Content starts

lemma law_of_total_variance:
  fixes h :: "'a \<Rightarrow> real"
  assumes sub: "subalgebra M F" and [measurable]: "h \<in> borel_measurable M"
    and h2: "integrable M (\<lambda>z. (h z)\<^sup>2)"
  shows "var_of M h = (\<integral>z. cond_var_of M F h z \<partial>M) + var_of M (real_cond_exp M F h)"
proof -
  interpret S: finite_measure_subalgebra M F
    by unfold_locales fact
  define k where "k = real_cond_exp M F h"
  have [measurable]: "k \<in> borel_measurable F" "k \<in> borel_measurable M"
    by (simp_all add: k_def)
  have hi: "integrable M h"
    using h2 by (simp add: square_integrable_imp_integrable)
  have k2: "integrable M (\<lambda>z. (k z)\<^sup>2)"
    unfolding k_def by (rule integrable_square_real_cond_exp[OF sub _ h2]) simp
  have ki: "integrable M k" and k_mean: "expectation k = expectation h"
    unfolding k_def using hi by (rule S.real_cond_exp_int)+
  have kh: "integrable M (\<lambda>z. k z * h z)"
    using h2 k2 by (intro integrable_mult_of_square_integrable) simp_all
  have "expectation (\<lambda>z. k z * h z) = expectation (\<lambda>z. k z * k z)"
    using S.real_cond_exp_intg(2)[OF kh] by (simp add: k_def)
  then have kh_mean: "expectation (\<lambda>z. k z * h z) = expectation (\<lambda>z. (k z)\<^sup>2)"
    by (simp add: power2_eq_square)
  have hk_expand: "(\<lambda>z. (h z - k z)\<^sup>2) = (\<lambda>z. (h z)\<^sup>2 + (k z)\<^sup>2 - 2 * (k z * h z))"
    by (simp add: fun_eq_iff power2_diff)
  then have hk2: "integrable M (\<lambda>z. (h z - k z)\<^sup>2)"
    using h2 k2 kh by simp
  have "(\<integral>z. cond_var_of M F h z \<partial>M) = expectation (\<lambda>z. (h z - k z)\<^sup>2)"
    unfolding cond_var_of_def k_def[symmetric] using hk2 by (rule S.real_cond_exp_int(2))
  also have "\<dots> = expectation (\<lambda>z. (h z)\<^sup>2) - expectation (\<lambda>z. (k z)\<^sup>2)"
    unfolding hk_expand using h2 k2 kh kh_mean by simp
  finally have "(\<integral>z. cond_var_of M F h z \<partial>M) = expectation (\<lambda>z. (h z)\<^sup>2) - expectation (\<lambda>z. (k z)\<^sup>2)" .
  moreover have "variance h = expectation (\<lambda>z. (h z)\<^sup>2) - (expectation h)\<^sup>2"
    using hi h2 by (rule variance_eq)
  moreover have "variance k = expectation (\<lambda>z. (k z)\<^sup>2) - (expectation k)\<^sup>2"
    using ki k2 by (rule variance_eq)
  ultimately show ?thesis
    using k_mean unfolding var_of_def k_def[symmetric] by simp
qed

Content ends

### ACTIVITY
Each line from the start of the records through the line holding "z) = expectation (\<lambda>z. (k" must be returned exactly; nothing else belongs in the answer.

### OUTPUT FOR THIS TASK
lemma law_of_total_variance:
  fixes h :: "'a \<Rightarrow> real"
  assumes sub: "subalgebra M F" and [measurable]: "h \<in> borel_measurable M"
    and h2: "integrable M (\<lambda>z. (h z)\<^sup>2)"
  shows "var_of M h = (\<integral>z. cond_var_of M F h z \<partial>M) + var_of M (real_cond_exp M F h)"
proof -
  interpret S: finite_measure_subalgebra M F
    by unfold_locales fact
  define k where "k = real_cond_exp M F h"
  have [measurable]: "k \<in> borel_measurable F" "k \<in> borel_measurable M"
    by (simp_all add: k_def)
  have hi: "integrable M h"
    using h2 by (simp add: square_integrable_imp_integrable)
  have k2: "integrable M (\<lambda>z. (k z)\<^sup>2)"
    unfolding k_def by (rule integrable_square_real_cond_exp[OF sub _ h2]) simp
  have ki: "integrable M k" and k_mean: "expectation k = expectation h"
    unfolding k_def using hi by (rule S.real_cond_exp_int)+
  have kh: "integrable M (\<lambda>z. k z * h z)"
    using h2 k2 by (intro integrable_mult_of_square_integrable) simp_all
  have "expectation (\<lambda>z. k z * h z) = expectation (\<lambda>z. k z * k z)"
    using S.real_cond_exp_intg(2)[OF kh] by (simp add: k_def)
  then have kh_mean: "expectation (\<lambda>z. k z * h z) = expectation (\<lambda>z. (k z)\<^sup>2)"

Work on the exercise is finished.